Выбрать главу

Так. Можно садиться. Я становлюсь на подножку и вхожу в вагон первого класса. Господин Куик взял мне билет в седьмое купе. Он знает, что оно в середине вагона и в нем меньше всего трясет. Это двухместное купе пустое. Только на три купе дальше два маленьких мальчика в изящных матросских костюмах шалят в открытой двери, а худенькая француженка тянет их обратно в купе: «Mais venez-donc, ja vous dis. Ce n'est pas comme il faut, vous comprenez…»[191]

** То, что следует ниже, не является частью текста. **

section \<open>Weighted complete homogeneous sums\<close>

definition monomial_exponents :: "nat \<Rightarrow> nat \<Rightarrow> (nat \<Rightarrow> nat) set" where
  "monomial_exponents k t = {\<alpha>. (\<forall>i\<ge>k. \<alpha> i = 0) \<and> (\<Sum>i<k. \<alpha> i) = t}"

lemma monomial_exponents_le:
  assumes "\<alpha> \<in> monomial_exponents k t" and "i < k"
  shows "\<alpha> i \<le> t"
proof -
  have "\<alpha> i \<le> (\<Sum>i<k. \<alpha> i)" using assms(2) by (intro member_le_sum) auto
  then show ?thesis using assms(1) by (simp add: monomial_exponents_def)
qed

lemma finite_monomial_exponents: "finite (monomial_exponents k t)"
proof (rule finite_subset)
  show "monomial_exponents k t \<subseteq>
      {\<alpha>. \<forall>i. (i \<in> {..<k} \<longrightarrow> \<alpha> i \<in> {..t}) \<and> (i \<notin> {..<k} \<longrightarrow> \<alpha> i = 0)}"
    using monomial_exponents_le by (auto simp: monomial_exponents_def)
qed (intro finite_set_of_finite_funs; simp)

lemma monomial_exponents_0: "monomial_exponents k 0 = {\<lambda>_. 0}"
proof (intro equalityI subsetI)
  fix \<alpha> assume \<alpha>: "\<alpha> \<in> monomial_exponents k 0"
  have "\<alpha> i = 0" for i
    using monomial_exponents_le[OF \<alpha>, of i] \<alpha> by (cases "i < k") (auto simp: monomial_exponents_def)
  then show "\<alpha> \<in> {\<lambda>_. 0}" by auto
qed (simp add: monomial_exponents_def)

definition hsym_weighted :: "complex \<Rightarrow> nat \<Rightarrow> nat \<Rightarrow> (nat \<Rightarrow> complex) \<Rightarrow> complex" where
  "hsym_weighted c k t x =
    (\<Sum>\<alpha>\<in>monomial_exponents k t. \<Prod>i<k. (if \<alpha> i = 0 then 1 else c) * x i ^ \<alpha> i)"

lemma hsym_weighted_0 [simp]: "hsym_weighted c k 0 x = 1"
  by (simp add: hsym_weighted_def monomial_exponents_0)

lemma hsym_weighted_0_vars: "hsym_weighted c 0 t x = (if t = 0 then 1 else 0)"
proof -
  have "monomial_exponents 0 t = (if t = 0 then {\<lambda>_. 0} else {})"
    by (auto simp: monomial_exponents_def)
  then show ?thesis by (simp add: hsym_weighted_def)
qed

lemma hsym_weighted_Suc:
  "hsym_weighted c (Suc k) t x =
    (\<Sum>a=0..t. (if a = 0 then 1 else c) * x k ^ a * hsym_weighted c k (t - a) x)"
proof -
  define w where "w n \<alpha> = (\<Prod>i<n. (if \<alpha> i = 0 then 1 else c) * x i ^ \<alpha> i)" for n \<alpha>
  define f where "f a = (if a = 0 then 1 else c) * x k ^ a" for a
  have sum_upd: "(\<Sum>i<k. (\<beta>(k := a)) i) = (\<Sum>i<k. \<beta> i)" for \<beta> :: "nat \<Rightarrow> nat" and a
    by (intro sum.cong) auto
  have w_upd: "w k (\<beta>(k := a)) = w k \<beta>" for \<beta> a
    unfolding w_def by (intro prod.cong) auto
  have split: "\<alpha> k \<le> t \<and> \<alpha>(k := 0) \<in> monomial_exponents k (t - \<alpha> k)"
    if "\<alpha> \<in> monomial_exponents (Suc k) t" for \<alpha>
    using that monomial_exponents_le[OF that, of k] by (auto simp: monomial_exponents_def sum_upd)
  have join: "\<beta>(k := a) \<in> monomial_exponents (Suc k) t"
    if "a \<le> t" and "\<beta> \<in> monomial_exponents k (t - a)" for a \<beta>
    using that by (auto simp: monomial_exponents_def sum_upd)
  have vanish: "\<beta> k = 0" if "\<beta> \<in> monomial_exponents k m" for \<beta> m
    using that by (simp add: monomial_exponents_def)
  have w_Suc: "w (Suc k) \<alpha> = f (\<alpha> k) * w k \<alpha>" for \<alpha>
    by (simp add: w_def f_def)
  have "(\<Sum>a=0..t. f a * hsym_weighted c k (t - a) x)
      = (\<Sum>(a, \<beta>)\<in>Sigma {0..t} (\<lambda>a. monomial_exponents k (t - a)). f a * w k \<beta>)"
    by (simp add: hsym_weighted_def w_def sum_distrib_left sum.Sigma finite_monomial_exponents)
  also have "\<dots> = (\<Sum>\<alpha>\<in>monomial_exponents (Suc k) t. w (Suc k) \<alpha>)"
    by (rule sum.reindex_bij_witness[of _ "\<lambda>\<alpha>. (\<alpha> k, \<alpha>(k := 0))" "\<lambda>(a, \<beta>). \<beta>(k := a)"])
      (auto simp: split join vanish w_Suc w_upd)
  finally show ?thesis by (simp add: hsym_weighted_def w_def f_def)
qed

definition hsym_weighted_fps :: "complex \<Rightarrow> (nat \<Rightarrow> complex) \<Rightarrow> nat \<Rightarrow> complex fps" where
  "hsym_weighted_fps c x k = Abs_fps (\<lambda>t. hsym_weighted c k t x)"

lemma hsym_weighted_fps_eq_prod:
  "hsym_weighted_fps c x k = (\<Prod>i<k. Abs_fps (\<lambda>a. (if a = 0 then 1 else c) * x i ^ a))"
proof (induction k)
  case 0
  show ?case by (simp add: hsym_weighted_fps_def hsym_weighted_0_vars fps_ext)
next
  case (Suc k)
  have "hsym_weighted_fps c x (Suc k)
      = Abs_fps (\<lambda>a. (if a = 0 then 1 else c) * x k ^ a) * hsym_weighted_fps c x k"
    by (simp add: fps_ext fps_mult_nth hsym_weighted_fps_def hsym_weighted_Suc)
  then show ?case by (simp add: Suc.IH mult.commute)
qed

lemma weighted_geometric_mult_linear:
  fixes s y :: complex
  shows "Abs_fps (\<lambda>a. (if a = 0 then 1 else 1 - s) * y ^ a) * (1 - fps_const y * fps_X)
    = 1 - fps_const (s * y) * fps_X"
    (is "?G * _ = _")
proof -
  have "?G * (1 - fps_const y * fps_X) = ?G - fps_const y * (fps_X * ?G)"
    by (simp add: algebra_simps)
  also have "\<dots> = 1 - fps_const (s * y) * fps_X"
  proof (rule fps_ext)
    fix n show "(?G - fps_const y * (fps_X * ?G)) $ n = (1 - fps_const (s * y) * fps_X) $ n"
      by (cases n rule: nat.exhaust[case_product nat.exhaust]) (auto simp: algebra_simps)
  qed
  finally show ?thesis .
qed

lemma hsym_weighted_fps_mult_esym_fps:
  "hsym_weighted_fps (1 - s) x k * esym_fps 1 x k = esym_fps s x k"
  by (simp add: hsym_weighted_fps_eq_prod esym_fps_eq_prod weighted_geometric_mult_linear
      flip: prod.distrib)

section \<open>The polynomials p_t(q)\<close>

lemma finite_partitions_le: "finite (partitions_le k t)"
proof (rule finite_subset)
  have "set_mset lam \<subseteq> {..t}" if "sum_mset lam = t" for lam :: "nat multiset"
  proof
    fix a assume "a \<in># lam"
    then obtain lam' where "lam = add_mset a lam'" by (blast dest: multi_member_split)
    then show "a \<in> {..t}" using that by auto
  qed
  then show "partitions_le k t \<subseteq> (\<Union>n\<le>k. multisets_of_size {..t} n)"
    by (auto simp: partitions_le_def multisets_of_size_def)
qed auto

definition exponent_shape :: "nat \<Rightarrow> (nat \<Rightarrow> nat) \<Rightarrow> nat multiset" where
  "exponent_shape k \<alpha> = image_mset \<alpha> (mset_set {i\<in>{0..<k}. \<alpha> i \<noteq> 0})"

lemma sum_mset_exponent_shape: "sum_mset (exponent_shape k \<alpha>) = (\<Sum>i<k. \<alpha> i)"
proof -
  have "sum_mset (exponent_shape k \<alpha>) = sum \<alpha> {i\<in>{0..<k}. \<alpha> i \<noteq> 0}"
    by (simp add: exponent_shape_def sum_unfold_sum_mset)
  also have "\<dots> = (\<Sum>i<k. \<alpha> i)"
    by (rule sum.mono_neutral_left) auto
  finally show ?thesis .
qed

lemma exponent_shape_in_partitions_le:
  assumes "\<alpha> \<in> monomial_exponents k t"
  shows "exponent_shape k \<alpha> \<in> partitions_le k t"
proof -
  have "card {i\<in>{0..<k}. \<alpha> i \<noteq> 0} \<le> card {0..<k}"
    by (rule card_mono) auto
  then show ?thesis
    using assms sum_mset_exponent_shape[of k \<alpha>]
    by (auto simp: partitions_le_def monomial_exponents_def exponent_shape_def)
qed

lemma weighted_monomial_eq:
  "(\<Prod>i<k. (if \<alpha> i = 0 then 1 else c) * x i ^ \<alpha> i)
    = c ^ size (exponent_shape k \<alpha>) * (\<Prod>i<k. x i ^ \<alpha> i)"
proof -
  let ?support = "{i\<in>{0..<k}. \<alpha> i \<noteq> 0}"
  have "(\<Prod>i<k. if \<alpha> i = 0 then 1 else c) = (\<Prod>i\<in>?support. if \<alpha> i = 0 then 1 else c)"
    by (rule prod.mono_neutral_right) auto
  also have "\<dots> = (\<Prod>i\<in>?support. c)"
    by (rule prod.cong) auto
  finally show ?thesis by (simp add: prod.distrib exponent_shape_def)
qed

lemma hsym_weighted_eq_sum_partitions:
  "hsym_weighted c k t x = (\<Sum>lam\<in>partitions_le k t. c ^ size lam * msym k lam x)"
proof -
  let ?w = "\<lambda>\<alpha>. \<Prod>i<k. (if \<alpha> i = 0 then 1 else c) * x i ^ \<alpha> i"
  have "hsym_weighted c k t x
      = (\<Sum>lam\<in>partitions_le k t. \<Sum>\<alpha>\<in>{\<alpha> \<in> monomial_exponents k t. exponent_shape k \<alpha> = lam}. ?w \<alpha>)"
    unfolding hsym_weighted_def
    by (rule sum.group[symmetric, OF finite_monomial_exponents finite_partitions_le])
      (use exponent_shape_in_partitions_le in blast)
  also have "\<dots> = (\<Sum>lam\<in>partitions_le k t. c ^ size lam * msym k lam x)"
  proof (rule sum.cong[OF refl])
    fix lam assume "lam \<in> partitions_le k t"
    then have "{\<alpha> \<in> monomial_exponents k t. exponent_shape k \<alpha> = lam}
        = {\<alpha>. (\<forall>i\<ge>k. \<alpha> i = 0) \<and> exponent_shape k \<alpha> = lam}"
      using sum_mset_exponent_shape by (auto simp: monomial_exponents_def partitions_le_def)
    then have "(\<Sum>\<alpha>\<in>{\<alpha> \<in> monomial_exponents k t. exponent_shape k \<alpha> = lam}. ?w \<alpha>)
        = (\<Sum>\<alpha>\<in>{\<alpha>. (\<forall>i\<ge>k. \<alpha> i = 0) \<and> exponent_shape k \<alpha> = lam}.
            c ^ size lam * (\<Prod>i<k. x i ^ \<alpha> i))"
      by (auto simp: weighted_monomial_eq intro!: sum.cong)
    then show "(\<Sum>\<alpha>\<in>{\<alpha> \<in> monomial_exponents k t. exponent_shape k \<alpha> = lam}. ?w \<alpha>)
        = c ^ size lam * msym k lam x"
      by (simp add: msym_def sum_distrib_left exponent_shape_def)
  qed
  finally show ?thesis .
qed

lemma pq_eq_hsym_weighted:
  assumes "q \<noteq> 0" and "0 < t"
  shows "(q - inverse q) * pq q k t x = hsym_weighted (1 - inverse q ^ 2) k t x"
proof -
  have coefficient: "(q - inverse q) * (q powi (- int n) * (q - inverse q) ^ (n - 1))
      = (1 - inverse q ^ 2) ^ n" if "0 < n" for n
  proof -
    have "(q - inverse q) * (q powi (- int n) * (q - inverse q) ^ (n - 1))
        = (inverse q * (q - inverse q)) ^ n"
      using that by (simp add: power_int_minus power_inverse power_mult_distrib power_Suc[symmetric]
          del: power_Suc)
    also have "inverse q * (q - inverse q) = 1 - inverse q ^ 2"
      using assms(1) by (simp add: field_simps power2_eq_square)
    finally show ?thesis .
  qed
  have "0 < size lam" if "lam \<in> partitions_le k t" for lam
  proof -
    have "lam \<noteq> {#}" using that assms(2) by (auto simp: partitions_le_def)
    then show ?thesis by (simp add: nonempty_has_size)
  qed
  then have "(q - inverse q) * pq q k t x
      = (\<Sum>lam\<in>partitions_le k t. (1 - inverse q ^ 2) ^ size lam * msym k lam x)"
    unfolding pq_def sum_distrib_left by (intro sum.cong) (simp_all flip: coefficient mult.assoc)
  then show ?thesis by (simp add: hsym_weighted_eq_sum_partitions)
qed

definition pq_fps :: "complex \<Rightarrow> nat \<Rightarrow> (nat \<Rightarrow> complex) \<Rightarrow> complex fps" where
  "pq_fps q k x = Abs_fps (\<lambda>t. if t = 0 then 0 else pq q k t x)"

lemma pq_fps_mult_esym_fps:
  assumes "q \<noteq> 0"
  shows "fps_const (q - inverse q) * pq_fps q k x * esym_fps 1 x k
    = esym_fps (inverse q ^ 2) x k - esym_fps 1 x k"
proof -
  have "hsym_weighted_fps (1 - inverse q ^ 2) x k = 1 + fps_const (q - inverse q) * pq_fps q k x"
    by (rule fps_ext) (simp add: hsym_weighted_fps_def pq_fps_def pq_eq_hsym_weighted[OF assms])
  with hsym_weighted_fps_mult_esym_fps[of "inverse q ^ 2" x k] show ?thesis
    by (simp add: algebra_simps)
qed

section \<open>The polynomials p^<Q>_t(q; beta) and their recurrences\<close>

definition inverse_powers_fps :: "complex \<Rightarrow> complex fps" where
  "inverse_powers_fps Q = Abs_fps (\<lambda>i. if i = 0 then 0 else inverse Q ^ i)"

lemma inverse_powers_fps_mult_linear:
  "(1 - fps_const (inverse Q) * fps_X) * inverse_powers_fps Q = fps_const (inverse Q) * fps_X"
    (is "?L * ?R = _")
proof -
  have "?L * ?R = ?R - fps_const (inverse Q) * (fps_X * ?R)"
    by (simp add: algebra_simps)
  also have "\<dots> = fps_const (inverse Q) * fps_X"
  proof (rule fps_ext)
    fix n show "(?R - fps_const (inverse Q) * (fps_X * ?R)) $ n = (fps_const (inverse Q) * fps_X) $ n"
      by (cases n rule: nat.exhaust[case_product nat.exhaust])
        (auto simp: inverse_powers_fps_def)
  qed
  finally show ?thesis .
qed

definition pQ_fps :: "complex \<Rightarrow> complex \<Rightarrow> complex \<Rightarrow> nat \<Rightarrow> (nat \<Rightarrow> complex) \<Rightarrow> complex fps" where
  "pQ_fps Q q \<beta> k x = Abs_fps (\<lambda>t. if t = 0 then 0 else pQ Q q \<beta> k t x)"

Как я и предполагал, вагон почти пуст.

Я кладу портфель и сажусь. Лицом по движению, как я, при возможности, предпочитаю. Сажусь, смотрю на портфель рядом с собой и каким-то странным образом чувствую, что и этот груз перестал меня тяготить. Достаточно мне захотеть, и я — свободен. И тогда делаю именно так, как намеревался: прислоняюсь затылком к сине-голубому прохладному чехлу, закрываю глаза и шепчу:

— Кати…

Да, я знаю: ты уже здесь. Ты сидишь напротив меня на полосатом сине-белом сиденье. Я не стану открывать глаза. К чему? С закрытыми глазами я еще лучше вижу тебя. Твое маленькое лицо в раме черных гладко прилегающих волос с трогательной проседью на висках. Твое милое маленькое лицо, все еще бледное после затяжного зимнего бронхита. Высокие арки твоих бровей, немножко иконописные, как я говорил, и большие, внимательные, темно-серые глаза. И твой маленький рот, который ты, вопреки своим дамским привычкам, редко подкрашиваешь, но никогда не забываешь освежать бесцветным цветочным кремом. Так что я и сейчас, на расстоянии метра, чувствую легкий запах поля. Твои губы слегка приоткрыты в напряженном вопросе, а верхняя губа дрогнула в ожидании нежданной беды.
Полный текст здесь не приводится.